Monday, August 19, 2019

Toni Morrison and Elizabeth Fox-Genovese :: Biography Biographies Essays

Toni Morrison and Elizabeth Fox-Genovese In this I essay will be discussing two unique authors, Toni Morrison and Elizabeth Fox-Genovese. Morrison is a Nobel Prize winning author, and Fox-Genovese, is a history professor at Harvard. Both of these women have interesting perspectives on race and gender. According to the articles I have read, Toni and Fox-Genovese claim the way people view women and minorities is wrong. In a Vibe Magazine interview, Toni claims that In a recent British nanny case, there was "complaint about the mother not being home with child...she she should have been home with her children, said some people" (Vibe 1998 p.2). Morrison states that it would be an entirely different situation, had the mother been a poor black women.

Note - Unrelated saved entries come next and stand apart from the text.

definition two_term_relaxation :: "real \<Rightarrow> real^'n \<Rightarrow> (real \<times> (real^'n) \<times> (real^'n)) set" where
  "two_term_relaxation a0 a = \<Inter> {extend2 i j (convex hull (G2 a0 a i j)) | i j. i \<noteq> j}"

end

theory Submission
  imports Defs
begin

text \<open>
  Multiplying a point of \<open>G\<^sub>I\<close> by \<open>a\<^sub>0 + a\<^sup>Tx\<close> gives \<open>(1, x, x\<^sub>i(a\<^sub>0 + a\<^sup>Tx), x\<^sub>j(a\<^sub>0 + a\<^sup>Tx))\<close>,
  and \<open>G\<^sub>I\<close> is recovered by dividing by the linear form \<open>a\<^sub>0\<rho> + a\<^sup>Ty\<close>; this perspective map
  sends conic combinations of lifted points with value 1 into \<open>conv G\<^sub>I\<close>.
  The set of the corollary contains \<open>G\<^sub>I\<close> (take \<open>w\<^sub>u\<^sub>v = \<rho> x\<^sub>u x\<^sub>v\<close>) and is convex.
  Conversely, read \<open>(\<rho>, y, w)\<close> as the moments of a measure on the cube: the McCormick
  inequalities of the pair \<open>{i, j}\<close> split \<open>\<rho>\<close> into the masses of the four events
  \<open>(x\<^sub>i, x\<^sub>j) = s\<close>, and for every other \<open>k\<close> the triangle inequalities leave room for a cubic
  moment \<open>w\<^sub>i\<^sub>j\<^sub>k\<close> making all eight atoms on \<open>{0,1}\<^sup>3\<close> nonnegative.  This gives for each
  \<open>s\<close> a conditional first moment lying in the face of the cube where \<open>(x\<^sub>i, x\<^sub>j) = s\<close>; on that
  face the lifted point is affine in \<open>x\<close>, so each of the four pieces lies in the cone over the
  lifted points, and their sum is the given point.
\<close>

definition mccormick_ineqs :: "real \<Rightarrow> real \<Rightarrow> real \<Rightarrow> real \<Rightarrow> bool" where
  "mccormick_ineqs \<rho> yu yv wuv \<longleftrightarrow> wuv \<ge> 0 \<and> yu + yv - wuv \<le> \<rho> \<and> wuv \<le> yu \<and> wuv \<le> yv"

definition triangle_ineqs :: "real \<Rightarrow> real \<Rightarrow> real \<Rightarrow> real \<Rightarrow> real \<Rightarrow> real \<Rightarrow> real \<Rightarrow> bool" where
  "triangle_ineqs \<rho> yi yj yk wij wjk wik \<longleftrightarrow>
     yi + yj + yk - wij - wjk - wik \<le> \<rho> \<and> - yi + wij + wik - wjk \<le> 0 \<and>
     - yj + wij - wik + wjk \<le> 0 \<and> - yk - wij + wik + wjk \<le> 0"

A black women "should work, even if that work is taking care of somebady else's children" (Vibe 1998). This is a wrong way to look at things; "we fought a long time to have 'Women taking care of children' understood to be work. Now its understood to be something else" (Vibe 1998 p.3). According to Toni, people size up who you are by what you look like, what your name is, and by what you do. However this is only "part of who you are. When I was a little girl, a man came up to me and said, 'are you a Willis?' - referring to my mother's maiden name-'I thought so, by the way you walk.' I moved to New York and people said, 'What do you do' So you say' I'm a writer..but you that's only part of who you are" (Vibe 1998 p.3). Often people wrap their identity in what they do. This can be troublesome when your not performing to someones expectations, one might think there is some thing wrong with who they are, which is not true. The same thing applies to gender and race. It is unfair to already have a preconcieved notion about someone without checking him or her out first. Fox-Genovese claims that many articles of literature exclude certain people. Like Morrison, Fox-Genovese agrees that elite culture "denied the values and perceptions of all others and imposed itself as an absolute standard" (Fox-Genovese 1998).